__Task goal__.
Write out the entries below exactly. End with the line that contains "S f \<longleftrightarrow>".

[Dataset entries]
(* Let $f$ be a convex differentiable function that is $L$-relatively smooth with respect to $h$. Then for every $\eta\in(0,1/L]$ and all $x,y\in\operatorname{int}\operatorname{dom}h$, $$D_f(x,y)\ \ge\ \frac1\eta\, D_{h^*}\big(\nabla h(x)-\eta(\nabla f(x)-\nabla f(y)),\ \nabla h(x)\big).$$
   Context: Let $C\subseteq\mathbb{R}^d$ be a closed convex set and $h:\mathbb{R}^d\to\mathbb{R}\cup\{+\infty\}$ a function satisfying the standing assumption: $h$ is twice continuously differentiable and strictly convex on $\operatorname{int} C$, and for every $y\in\mathbb{R}^d$ the problem $\min_{x\in C} h(x)-x^\top y$ has a unique solution, which lies in $\operatorname{int} C$. $h^*(y)=\sup_x x^\top y-h(x)$ is the convex conjugate of $h$ (it is convex and differentiable on $\mathbb{R}^d$ with $\nabla h^*(\nabla h(y))=y$ for $y\in\operatorname{int}C$). For a differentiable convex function $\varphi$, $D_\varphi(x,y)=\varphi(x)-\varphi(y)-\nabla\varphi(y)^\top(x-y)$. A differentiable function $f$ is $L$-relatively smooth and $\mu$-relatively strongly convex with respect to $h$ if $\mu D_h(x,y)\le D_f(x,y)\le L D_h(x,y)$ for all $x,y\in\operatorname{int}\operatorname{dom}h$ (relative smoothness alone refers to the right inequality). *)

theory Defs
  imports "HOL-Analysis.Analysis"
begin

definition grad :: "('a::euclidean_space \<Rightarrow> real) \<Rightarrow> 'a \<Rightarrow> 'a" where
  "grad \<phi> x = (SOME g. (\<phi> has_derivative (\<lambda>v. g \<bullet> v)) (at x))"

definition bregman :: "('a::euclidean_space \<Rightarrow> real) \<Rightarrow> 'a \<Rightarrow> 'a \<Rightarrow> real" where
  "bregman \<phi> x y = \<phi> x - \<phi> y - grad \<phi> y \<bullet> (x - y)"

definition strict_convex_on :: "'a::real_vector set \<Rightarrow> ('a \<Rightarrow> real) \<Rightarrow> bool" where
  "strict_convex_on S f \<longleftrightarrow>
     (\<forall>x\<in>S. \<forall>y\<in>S. \<forall>t::real. x \<noteq> y \<and> 0 < t \<and> t < 1 \<longrightarrow>
        f ((1 - t) *\<^sub>R x + t *\<^sub>R y) < (1 - t) * f x + t * f y)"

text \<open>Convex conjugate of h, where h is finite exactly on its domain C (and +infinity outside).\<close>
definition fenchel_conj :: "'a::euclidean_space set \<Rightarrow> ('a \<Rightarrow> real) \<Rightarrow> 'a \<Rightarrow> real" where
  "fenchel_conj C h y = (SUP x\<in>C. x \<bullet> y - h x)"

definition standing_assumption :: "'a::euclidean_space set \<Rightarrow> ('a \<Rightarrow> real) \<Rightarrow> bool" where
  "standing_assumption C h \<longleftrightarrow>
     closed C \<and> convex C \<and>
     (\<exists>h' :: 'a \<Rightarrow> 'a. \<exists>H :: 'a \<Rightarrow> 'a \<Rightarrow>\<^sub>L 'a.
        (\<forall>x\<in>interior C. (h has_derivative (\<lambda>v. h' x \<bullet> v)) (at x)) \<and>
        (\<forall>x\<in>interior C. (h' has_derivative blinfun_apply (H x)) (at x)) \<and>
        continuous_on (interior C) H) \<and>
     strict_convex_on (interior C) h \<and>
     (\<forall>y. \<exists>!x. x \<in> C \<and> (\<forall>z\<in>C. h x - x \<bullet> y \<le> h z - z \<bullet> y)) \<and>
     (\<forall>y x. x \<in> C \<and> (\<forall>z\<in>C. h x - x \<bullet> y \<le> h z - z \<bullet> y) \<longrightarrow> x \<in> interior C)"

definition rel_smooth :: "'a::euclidean_space set \<Rightarrow> ('a \<Rightarrow> real) \<Rightarrow> real \<Rightarrow> ('a \<Rightarrow> real) \<Rightarrow> bool" where
  "rel_smooth C h L f \<longleftrightarrow>
     (\<forall>x\<in>interior C. \<forall>y\<in>interior C. bregman f x y \<le> L * bregman h x y)"

end

theory Submission
  imports Defs
begin

text \<open>Write \<open>p = \<nabla>h(x)\<close>, \<open>d = \<nabla>f(x) - \<nabla>f(y)\<close> and let \<open>z\<close> be the maximiser defining
  \<open>h\<^sup>*(p - \<eta> d)\<close>, so that \<open>z = \<nabla>h\<^sup>*(p - \<eta> d)\<close> while \<open>x = \<nabla>h\<^sup>*(p)\<close>. Then
  \<open>D\<^sub>h\<^sub>*(p - \<eta> d, p) = -\<eta> d\<bullet>(z - x) - D\<^sub>h(z, x)\<close>, and the three-point identity
  \<open>D\<^sub>f(x, y) = D\<^sub>f(z, y) - D\<^sub>f(z, x) + d\<bullet>(x - z)\<close> together with \<open>D\<^sub>f(z, y) \<ge> 0\<close> and
  \<open>D\<^sub>f(z, x) \<le> L D\<^sub>h(z, x) \<le> D\<^sub>h(z, x)/\<eta>\<close> gives the claim.\<close>

lemma grad_eqI:
  assumes "(\<phi> has_derivative (\<lambda>v. g \<bullet> v)) (at x)"
  shows "grad \<phi> x = g"
proof -
  have "(\<phi> has_derivative (\<lambda>v. grad \<phi> x \<bullet> v)) (at x)"
    unfolding grad_def by (rule someI[of _ g]) (rule assms)
  then have "(\<lambda>v. grad \<phi> x \<bullet> v) = (\<lambda>v. g \<bullet> v)"
    using has_derivative_unique assms by blast
  then have "(grad \<phi> x - g) \<bullet> (grad \<phi> x - g) = 0"
    by (metis inner_diff_left right_minus_eq)
  then show ?thesis by simp
qed

lemma has_derivative_grad:
  fixes \<phi> :: "'a::euclidean_space \<Rightarrow> real"
  assumes "\<phi> differentiable (at x)"
  shows "(\<phi> has_derivative (\<lambda>v. grad \<phi> x \<bullet> v)) (at x)"
proof -
  obtain D where D: "(\<phi> has_derivative D) (at x)"
    using assms differentiable_def by blast
  have "D = (\<lambda>v. adjoint D 1 \<bullet> v)"
    using adjoint_works[OF has_derivative_linear[OF D], of _ 1] by (simp add: inner_commute)
  with D have "(\<phi> has_derivative (\<lambda>v. adjoint D 1 \<bullet> v)) (at x)" by simp
  then show ?thesis using grad_eqI by metis
qed

lemma convex_on_has_derivative_above_tangent:
  fixes f :: "'a::real_normed_vector \<Rightarrow> real"
  assumes convex: "convex_on S f" and "x \<in> S" "z \<in> S"
    and D: "(f has_derivative D) (at x)"
  shows "f x + D (z - x) \<le> f z"
proof -
  let ?q = "\<lambda>t. (f (x + t *\<^sub>R (z - x)) - f x) / t"
  interpret D: bounded_linear D using D by (rule has_derivative_bounded_linear)
  have "((\<lambda>t::real. x + t *\<^sub>R (z - x)) has_derivative (\<lambda>t. t *\<^sub>R (z - x))) (at 0)"
    by (auto intro!: derivative_eq_intros)
  from has_derivative_compose[OF this, of f D]
  have "((\<lambda>t. f (x + t *\<^sub>R (z - x))) has_derivative (\<lambda>t. t * D (z - x))) (at 0)"
    using D by (simp add: D.scaleR)
  then have "((\<lambda>t. f (x + t *\<^sub>R (z - x))) has_real_derivative D (z - x)) (at 0)"
    by (simp add: has_field_derivative_def mult.commute[of _ "D (z - x)"])
  then have "(?q \<longlongrightarrow> D (z - x)) (at 0)"
    unfolding DERIV_def by simp
  then have lim: "(?q \<longlongrightarrow> D (z - x)) (at_right 0)"
    by (rule tendsto_mono[OF at_le[OF subset_UNIV]])
  have ev: "\<forall>\<^sub>F t in at_right 0. ?q t \<le> f z - f x"
  proof (rule eventually_at_rightI[of 0 1])
    fix t :: real assume t: "t \<in> {0<..<1}"
    have "x + t *\<^sub>R (z - x) = (1 - t) *\<^sub>R x + t *\<^sub>R z" by (simp add: algebra_simps)
    then have "f (x + t *\<^sub>R (z - x)) - f x \<le> t * (f z - f x)"
      using convex_onD[OF convex, of t x z] t assms(2,3) by (simp add: algebra_simps)
    then show "?q t \<le> f z - f x"
      using t by (simp add: divide_simps mult.commute)
  qed simp
  have "D (z - x) \<le> f z - f x"
    by (rule tendsto_le[OF _ tendsto_const lim ev]) simp
  then show ?thesis by simp
qed

lemma bregman_nonneg:
  fixes f :: "'a::euclidean_space \<Rightarrow> real"
  assumes "convex_on S f" "x \<in> S" "z \<in> S" "f differentiable (at x)"
  shows "0 \<le> bregman f z x"
  using convex_on_has_derivative_above_tangent[OF assms(1-3) has_derivative_grad[OF assms(4)]]
  unfolding bregman_def by simp

lemma bregman_three_point:
  "bregman f x y = bregman f z y - bregman f z x + (grad f x - grad f y) \<bullet> (x - z)"
  unfolding bregman_def by (simp add: algebra_simps)

lemma strict_convex_on_imp_convex_on:
  assumes "strict_convex_on S f" "convex S"
  shows "convex_on S f"
proof (rule convex_onI[OF _ assms(2)])
  fix t :: real and a b assume "0 < t" "t < 1" "a \<in> S" "b \<in> S"
  then show "f ((1 - t) *\<^sub>R a + t *\<^sub>R b) \<le> (1 - t) * f a + t * f b"
    using assms(1) unfolding strict_convex_on_def
    by (cases "a = b") (auto simp: algebra_simps intro: less_imp_le)
qed

text \<open>In the paper's notation \<open>conj_argmax C h u z\<close> says \<open>z = \<nabla>h\<^sup>*(u)\<close>.\<close>

definition conj_argmax :: "'a::euclidean_space set \<Rightarrow> ('a \<Rightarrow> real) \<Rightarrow> 'a \<Rightarrow> 'a \<Rightarrow> bool" where
  "conj_argmax C h u z \<longleftrightarrow> z \<in> C \<and> (\<forall>w\<in>C. h z - z \<bullet> u \<le> h w - w \<bullet> u)"

lemma fenchel_conj_eq_conj_argmax:
  assumes "conj_argmax C h u z"
  shows "fenchel_conj C h u = z \<bullet> u - h z"
  unfolding fenchel_conj_def
  by (rule cSup_eq_maximum) (use assms in \<open>auto simp: conj_argmax_def inner_commute\<close>)

lemma standing_assumptionD:
  assumes "standing_assumption C h"
  shows "convex C" "strict_convex_on (interior C) h"
    and "\<exists>h'. \<forall>x\<in>interior C. (h has_derivative (\<lambda>v. h' x \<bullet> v)) (at x)"
    and "\<exists>z. conj_argmax C h u z"
    and "conj_argmax C h u z \<Longrightarrow> z \<in> interior C"
  using assms unfolding standing_assumption_def conj_argmax_def by blast+

lemma standing_assumption_conj_argmax:
  assumes "standing_assumption C h"
  obtains z where "conj_argmax C h u z" "z \<in> interior C"
  using standing_assumptionD(4,5)[OF assms] by blast

lemma standing_assumption_convex_on:
  assumes "standing_assumption C h"
  shows "convex_on (interior C) h"
  using standing_assumptionD(1,2)[OF assms] convex_interior strict_convex_on_imp_convex_on
  by blast

lemma standing_assumption_differentiable:
  assumes "standing_assumption C h" "x \<in> interior C"
  shows "h differentiable (at x)"
  using standing_assumptionD(3)[OF assms(1)] assms(2) differentiable_def by blast

lemma fenchel_conj_ge:
  assumes "standing_assumption C h" "x \<in> C"
  shows "x \<bullet> u - h x \<le> fenchel_conj C h u"
proof -
  obtain z where z: "conj_argmax C h u z"
    using assms(1) by (rule standing_assumption_conj_argmax)
  then have "h z - z \<bullet> u \<le> h x - x \<bullet> u"
    using assms(2) unfolding conj_argmax_def by blast
  then show ?thesis
    using fenchel_conj_eq_conj_argmax[OF z] by linarith
qed

text \<open>A point \<open>x\<close> of the interior is the maximiser at \<open>\<nabla>h(x)\<close>: compare \<open>x\<close> with the
  maximiser, which lies in the interior, through the tangent inequality of \<open>h\<close> at \<open>x\<close>.\<close>

lemma conj_argmax_grad:
  assumes SA: "standing_assumption C h" and x: "x \<in> interior C"
  shows "conj_argmax C h (grad h x) x"
proof -
  obtain z where z: "conj_argmax C h (grad h x) z" "z \<in> interior C"
    using SA by (rule standing_assumption_conj_argmax)
  have "0 \<le> bregman h z x"
    using bregman_nonneg[OF standing_assumption_convex_on[OF SA] x z(2)]
      standing_assumption_differentiable[OF SA x] by blast
  then have "h x - x \<bullet> grad h x \<le> h z - z \<bullet> grad h x"
    unfolding bregman_def by (simp add: inner_diff_right inner_commute)
  moreover have "\<forall>w\<in>C. h z - z \<bullet> grad h x \<le> h w - w \<bullet> grad h x"
    using z(1) unfolding conj_argmax_def by blast
  ultimately show ?thesis
    using subsetD[OF interior_subset x] unfolding conj_argmax_def by fastforce
qed

text \<open>At \<open>\<nabla>h(x)\<close> the function \<open>u \<mapsto> h\<^sup>*(u) - x\<bullet>u\<close> attains its minimum \<open>-h(x)\<close>.\<close>

lemma grad_fenchel_conj:
  assumes SA: "standing_assumption C h" and x: "x \<in> interior C"
    and diff: "fenchel_conj C h differentiable (at (grad h x))"
  shows "grad (fenchel_conj C h) (grad h x) = x"
proof -
  let ?M = "fenchel_conj C h" and ?p = "grad h x"
  have M: "(?M has_derivative (\<lambda>v. grad ?M ?p \<bullet> v)) (at ?p)"
    using diff by (rule has_derivative_grad)
  have Mp: "?M ?p = x \<bullet> ?p - h x"
    using conj_argmax_grad[OF SA x] by (rule fenchel_conj_eq_conj_argmax)
  have "(\<lambda>v. grad ?M ?p \<bullet> v - x \<bullet> v) = (\<lambda>v. 0)"
  proof (rule has_derivative_local_min)
    show "((\<lambda>u. ?M u - x \<bullet> u) has_derivative (\<lambda>v. grad ?M ?p \<bullet> v - x \<bullet> v)) (at ?p)"
      using M by (auto intro!: derivative_eq_intros)
    show "\<forall>\<^sub>F u in at ?p. ?M ?p - x \<bullet> ?p \<le> ?M u - x \<bullet> u"
    proof (intro always_eventually allI)
      fix u
      show "?M ?p - x \<bullet> ?p \<le> ?M u - x \<bullet> u"
        using fenchel_conj_ge[OF SA subsetD[OF interior_subset x], of u] Mp by linarith
    qed
  qed
  then have "(grad ?M ?p - x) \<bullet> (grad ?M ?p - x) = 0"
    by (metis inner_diff_left)
  then show ?thesis by simp
qed

lemma bregman_fenchel_conj:
  assumes SA: "standing_assumption C h" and x: "x \<in> interior C"
    and diff: "fenchel_conj C h differentiable (at (grad h x))"
    and z: "conj_argmax C h u z"
  shows "bregman (fenchel_conj C h) u (grad h x) = (u - grad h x) \<bullet> (z - x) - bregman h z x"
  unfolding bregman_def grad_fenchel_conj[OF SA x diff]
    fenchel_conj_eq_conj_argmax[OF z] fenchel_conj_eq_conj_argmax[OF conj_argmax_grad[OF SA x]]
  by (simp add: algebra_simps inner_commute)

theorem lemma3:
  fixes C :: "'a::euclidean_space set" and h f :: "'a \<Rightarrow> real" and L \<eta> :: real
  assumes SA: "standing_assumption C h"
    and conj_diff: "\<forall>u. fenchel_conj C h differentiable (at u)"
    and f_convex: "convex_on (interior C) f"
    and f_diff: "\<forall>x\<in>interior C. f differentiable (at x)"
    and f_smooth: "rel_smooth C h L f"
    and eta: "0 < \<eta>" "\<eta> \<le> 1 / L"
    and x: "x \<in> interior C" and y: "y \<in> interior C"
  shows "bregman f x y \<ge>
           (1 / \<eta>) * bregman (fenchel_conj C h)
              (grad h x - \<eta> *\<^sub>R (grad f x - grad f y)) (grad h x)"
proof -
  define d where "d = grad f x - grad f y"
  obtain z where z: "conj_argmax C h (grad h x - \<eta> *\<^sub>R d) z" "z \<in> interior C"
    using SA by (rule standing_assumption_conj_argmax)
  have dual: "(1 / \<eta>) * bregman (fenchel_conj C h) (grad h x - \<eta> *\<^sub>R d) (grad h x)
      = d \<bullet> (x - z) - (1 / \<eta>) * bregman h z x"
    using bregman_fenchel_conj[OF SA x spec[OF conj_diff] z(1)] eta(1)
    by (simp add: field_simps inner_diff_right)
  have "0 \<le> bregman f z y"
    using bregman_nonneg f_convex y z(2) f_diff by blast
  moreover have "bregman f z x \<le> L * bregman h z x"
    using f_smooth z(2) x unfolding rel_smooth_def by blast
  moreover have "L * bregman h z x \<le> (1 / \<eta>) * bregman h z x"
  proof (rule mult_right_mono)
    show "L \<le> 1 / \<eta>"
    proof -
      have "0 < 1 / L"
        using eta by linarith
      then have "0 < L" by simp
      then show ?thesis using eta by (simp add: field_simps)
    qed
    show "0 \<le> bregman h z x"
      using bregman_nonneg standing_assumption_convex_on[OF SA] x z(2)
        standing_assumption_differentiable[OF SA x] by blast
  qed
  ultimately show ?thesis
    using bregman_three_point[of f x y z] dual unfolding d_def by linarith
qed

end
(* Let $\tilde{\mathbf{G}}$ be a degree $n$ cover of $\mathbf{G}=\mathbf{GL}_r$ (split, over $S$) with first Brylinski–Deligne invariant $Q_{1,c}$, for an integer $c$. If $\gcd(n,1+r+2rc)=1$, then the dual group $\tilde G^\vee$ is isomorphic to $GL_r$. If $\gcd(n,r)=1$, then the derived subgroup of $\tilde G^\vee$ is isomorphic to $SL_r$, and thus there exists an isogeny $\tilde G^\vee\to GL_r$.
   Context: Let $\mathbf{T}\subset\mathbf{GL}_r$ be the diagonal torus with cocharacter lattice $Y=\mathbb{Z}^r$ (standard identification), Weyl group $S_r$ permuting coordinates, coroots $e_i-e_j$. For integers $q,c$, $Q_{q,c}$ is the unique Weyl-invariant quadratic form $Y\to\mathbb{Z}$ with $Q(1,-1,0,\dots,0)=q$ and $Q(1,0,\dots,0)=1+c$. Dual group of a degree $n$ cover with first invariant $Q$: set $\beta_Q(y_1,y_2)=n^{-1}(Q(y_1+y_2)-Q(y_1)-Q(y_2))$, $Y_{Q,n}=\{y\in Y:\beta_Q(y,y')\in\mathbb{Z}\ \forall y'\in Y\}$, $X_{Q,n}=\{x\in n^{-1}X:\langle x,y\rangle\in\mathbb{Z}\ \forall y\in Y_{Q,n}\}$ ($X$ the character lattice); for each root $\phi$ put $n_\phi=n/\gcd(n,Q(\phi^\vee))$, modified root $\tilde\phi=n_\phi^{-1}\phi$, modified coroot $\tilde\phi^\vee=n_\phi\phi^\vee$. The dual group $\tilde G^\vee$ is the split (pinned) reductive group over $\mathbb{Z}$ (here viewed via its complex points or as a group scheme) whose root datum has character lattice $Y_{Q,n}$, roots the modified coroots $\tilde\phi^\vee$, cocharacter lattice $X_{Q,n}$ and coroots the modified roots $\tilde\phi$. *)

theory Defs
  imports "HOL-Analysis.Analysis"
begin
lemma measure_bernoulli_PiM_all:
  fixes p :: "'i \<Rightarrow> real"
  defines "M \<equiv> \<lambda>i. measure_pmf (bernoulli_pmf (p i))"
  assumes "J \<subseteq> I" "finite J" and p: "\<And>i. i \<in> J \<Longrightarrow> 0 \<le> p i \<and> p i \<le> 1"
  shows "measure (PiM I M) {\<omega> \<in> space (PiM I M). \<forall>i\<in>J. \<omega> i} = (\<Prod>i\<in>J. p i)"
proof -
  interpret product_prob_space M I
    by (rule product_prob_spaceI) (simp add: M_def prob_space_measure_pmf)
  have "emeasure (PiM I M) {\<omega> \<in> space (PiM I M). \<forall>i\<in>J. \<omega> i \<in> {True}} = (\<Prod>i\<in>J. emeasure (M i) {True})"
    by (rule emeasure_PiM_Collect) (auto simp: assms M_def)
  also have "\<dots> = (\<Prod>i\<in>J. ennreal (p i))"
    by (rule prod.cong) (auto simp: M_def emeasure_pmf_single p)
  also have "\<dots> = ennreal (\<Prod>i\<in>J. p i)"
    by (rule prod_ennreal) (simp add: p)
  finally show ?thesis
    using p by (simp add: measure_def prod_nonneg)
qed

lemma disjoint_family_blocks: "disjoint_family (\<lambda>m::nat. {m * Suc l + 1 .. m * Suc l + l} \<times> E)"
proof -
  have "m * Suc l + l < n * Suc l" if "m < n" for m n
    using mult_le_mono1[of "Suc m" n "Suc l"] that by simp
  then show ?thesis
    unfolding disjoint_family_on_def by (fastforce simp: nat_neq_iff)
qed
lemma von_neumann_algebra_memI:
  fixes V :: "'a::complex_inner bop"
  assumes vna: "von_neumann_algebra M"
    and comm: "\<And>s x. s \<in> commutant M \<Longrightarrow> bop_apply V (s x) = s (bop_apply V x)"
  shows "bop_apply V \<in> M"
proof -
  have "(\<lambda>x. \<i> *\<^sub>C x) \<in> commutant M"
    using von_neumann_algebra_bounded_clinear[OF vna]
    by (auto simp: commutant_def bounded_clinear_scaleC_right bounded_clinear_scaleC)
  then have "bounded_clinear (bop_apply V)"
    using comm by (intro bounded_clinearI_ii bop_apply_bounded_linear) blast
  then have "bop_apply V \<in> commutant (commutant M)"
    using comm by (auto simp: commutant_def)
  then show ?thesis using vna by (simp add: von_neumann_algebra_def)
qed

__Written response__.
(* Let $f$ be a convex differentiable function that is $L$-relatively smooth with respect to $h$. Then for every $\eta\in(0,1/L]$ and all $x,y\in\operatorname{int}\operatorname{dom}h$, $$D_f(x,y)\ \ge\ \frac1\eta\, D_{h^*}\big(\nabla h(x)-\eta(\nabla f(x)-\nabla f(y)),\ \nabla h(x)\big).$$
   Context: Let $C\subseteq\mathbb{R}^d$ be a closed convex set and $h:\mathbb{R}^d\to\mathbb{R}\cup\{+\infty\}$ a function satisfying the standing assumption: $h$ is twice continuously differentiable and strictly convex on $\operatorname{int} C$, and for every $y\in\mathbb{R}^d$ the problem $\min_{x\in C} h(x)-x^\top y$ has a unique solution, which lies in $\operatorname{int} C$. $h^*(y)=\sup_x x^\top y-h(x)$ is the convex conjugate of $h$ (it is convex and differentiable on $\mathbb{R}^d$ with $\nabla h^*(\nabla h(y))=y$ for $y\in\operatorname{int}C$). For a differentiable convex function $\varphi$, $D_\varphi(x,y)=\varphi(x)-\varphi(y)-\nabla\varphi(y)^\top(x-y)$. A differentiable function $f$ is $L$-relatively smooth and $\mu$-relatively strongly convex with respect to $h$ if $\mu D_h(x,y)\le D_f(x,y)\le L D_h(x,y)$ for all $x,y\in\operatorname{int}\operatorname{dom}h$ (relative smoothness alone refers to the right inequality). *)

theory Defs
  imports "HOL-Analysis.Analysis"
begin

definition grad :: "('a::euclidean_space \<Rightarrow> real) \<Rightarrow> 'a \<Rightarrow> 'a" where
  "grad \<phi> x = (SOME g. (\<phi> has_derivative (\<lambda>v. g \<bullet> v)) (at x))"

definition bregman :: "('a::euclidean_space \<Rightarrow> real) \<Rightarrow> 'a \<Rightarrow> 'a \<Rightarrow> real" where
  "bregman \<phi> x y = \<phi> x - \<phi> y - grad \<phi> y \<bullet> (x - y)"

definition strict_convex_on :: "'a::real_vector set \<Rightarrow> ('a \<Rightarrow> real) \<Rightarrow> bool" where
  "strict_convex_on S f \<longleftrightarrow>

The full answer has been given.